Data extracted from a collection
____

(* Let $\mathcal{T}=(V,A,E,f,q)$ be a decorated tree and let $\eta\in\mathrm{Cent}(\mathcal{T})$. There exists a unique decorated tree $\mathcal{T}^{(\eta)}$ satisfying: (i) $\mathcal{T}^{(\eta)}=(V,A,E,f,q^* )$ for some $q^*$; (ii) $q^*(e,\eta)=q(e,\eta)$ for all edges $e$ containing $\eta$; (iii) $q^*(e,v)=q(e,v)$ for all $v\in V\setminus\{\eta\}$ and all edges $e$ containing $v$ and not in $\gamma_{\eta,v}$; (iv) if $e=\{\eta,v\}$ is an edge with $v\in V$, then $q^*(e,v)=Q(e,v)-q(e,v)$; (v) if $e=\{u,v\}$ is an edge with $u,v\in V\setminus\{\eta\}$, then $\det^*(e)=-\det(e)$, where $\det(e)$ is computed in $\mathcal{T}$ and $\det^*(e)$ in $\mathcal{T}^{(\eta)}$. Moreover, $\mathcal{T}^{(\eta)}$ satisfies: (vi) if $v\in V\setminus\{\eta\}$ and $e$ is the unique edge in $\gamma_{\eta,v}$ containing $v$, then $Q(e,v)$ divides $q(e,v)+q^*(e,v)$.
   Context: A graph is a pair $(X_0,X_1)$ of finite sets such that each element of $X_1$ (an edge) is a $2$-element subset of $X_0$; elements of $X_0$ are cells. A path is a tuple $(x_0,\dots,x_n)$ ($n\ge0$) of cells with $\{x_i,x_{i+1}\}$ an edge for each $i<n$, these edges pairwise distinct; a cell/edge is in the path if it is some $x_i$ / some $\{x_i,x_{i+1}\}$. The graph is a tree if any two cells $x,y$ are joined by a unique path $\gamma_{x,y}$. A decorated tree is $(V,A,E,f,q)$ with $V$ (vertices), $A$ (arrows) finite disjoint sets, $(V\cup A,E)$ a tree, every arrow contained in exactly one edge, $f:A\to\mathbb{Z}$, $q(e,x)\in\mathbb{Z}$ for each $e\in E$, $x\in e$, with $q(e,\alpha)=1$ for $\alpha\in A$, and for each $v\in V$ and distinct edges $e,e'\ni v$, $\gcd(q(e,v),q(e',v))=1$. For $x\in V\cup A$, $e\ni x$: $Q(e,x)=\prod q(e',x)$ over edges $e'\ne e$ containing $x$ (empty product $=1$); for an edge $e=\{x,y\}$, $\det(e)=q(e,x)q(e,y)-Q(e,x)Q(e,y)$. A path $(w_1,\dots,w_m)$ with $m\ge2$ satisfies $(+)$ if every edge $e\ni w_m$ other than $\{w_{m-1},w_m\}$ has $q(e,w_m)\ge1$ and at most one such edge has $q(e,w_m)>1$. An element $x\in V\cup A$ is central if $\gamma_{x,v}$ satisfies $(+)$ for every $v\in V\setminus\{x\}$; $\mathrm{Cent}(\mathcal{T})$ is the set of central elements. *)

theory Defs
  imports Main
begin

____

Write out a word-for-word copy of every entry above.

(* Let $\mathcal{T}=(V,A,E,f,q)$ be a decorated tree and let $\eta\in\mathrm{Cent}(\mathcal{T})$. There exists a unique decorated tree $\mathcal{T}^{(\eta)}$ satisfying: (i) $\mathcal{T}^{(\eta)}=(V,A,E,f,q^* )$ for some $q^*$; (ii) $q^*(e,\eta)=q(e,\eta)$ for all edges $e$ containing $\eta$; (iii) $q^*(e,v)=q(e,v)$ for all $v\in V\setminus\{\eta\}$ and all edges $e$ containing $v$ and not in $\gamma_{\eta,v}$; (iv) if $e=\{\eta,v\}$ is an edge with $v\in V$, then $q^*(e,v)=Q(e,v)-q(e,v)$; (v) if $e=\{u,v\}$ is an edge with $u,v\in V\setminus\{\eta\}$, then $\det^*(e)=-\det(e)$, where $\det(e)$ is computed in $\mathcal{T}$ and $\det^*(e)$ in $\mathcal{T}^{(\eta)}$. Moreover, $\mathcal{T}^{(\eta)}$ satisfies: (vi) if $v\in V\setminus\{\eta\}$ and $e$ is the unique edge in $\gamma_{\eta,v}$ containing $v$, then $Q(e,v)$ divides $q(e,v)+q^*(e,v)$.
   Context: A graph is a pair $(X_0,X_1)$ of finite sets such that each element of $X_1$ (an edge) is a $2$-element subset of $X_0$; elements of $X_0$ are cells. A path is a tuple $(x_0,\dots,x_n)$ ($n\ge0$) of cells with $\{x_i,x_{i+1}\}$ an edge for each $i<n$, these edges pairwise distinct; a cell/edge is in the path if it is some $x_i$ / some $\{x_i,x_{i+1}\}$. The graph is a tree if any two cells $x,y$ are joined by a unique path $\gamma_{x,y}$. A decorated tree is $(V,A,E,f,q)$ with $V$ (vertices), $A$ (arrows) finite disjoint sets, $(V\cup A,E)$ a tree, every arrow contained in exactly one edge, $f:A\to\mathbb{Z}$, $q(e,x)\in\mathbb{Z}$ for each $e\in E$, $x\in e$, with $q(e,\alpha)=1$ for $\alpha\in A$, and for each $v\in V$ and distinct edges $e,e'\ni v$, $\gcd(q(e,v),q(e',v))=1$. For $x\in V\cup A$, $e\ni x$: $Q(e,x)=\prod q(e',x)$ over edges $e'\ne e$ containing $x$ (empty product $=1$); for an edge $e=\{x,y\}$, $\det(e)=q(e,x)q(e,y)-Q(e,x)Q(e,y)$. A path $(w_1,\dots,w_m)$ with $m\ge2$ satisfies $(+)$ if every edge $e\ni w_m$ other than $\{w_{m-1},w_m\}$ has $q(e,w_m)\ge1$ and at most one such edge has $q(e,w_m)>1$. An element $x\in V\cup A$ is central if $\gamma_{x,v}$ satisfies $(+)$ for every $v\in V\setminus\{x\}$; $\mathrm{Cent}(\mathcal{T})$ is the set of central elements. *)

theory Defs
  imports Main
begin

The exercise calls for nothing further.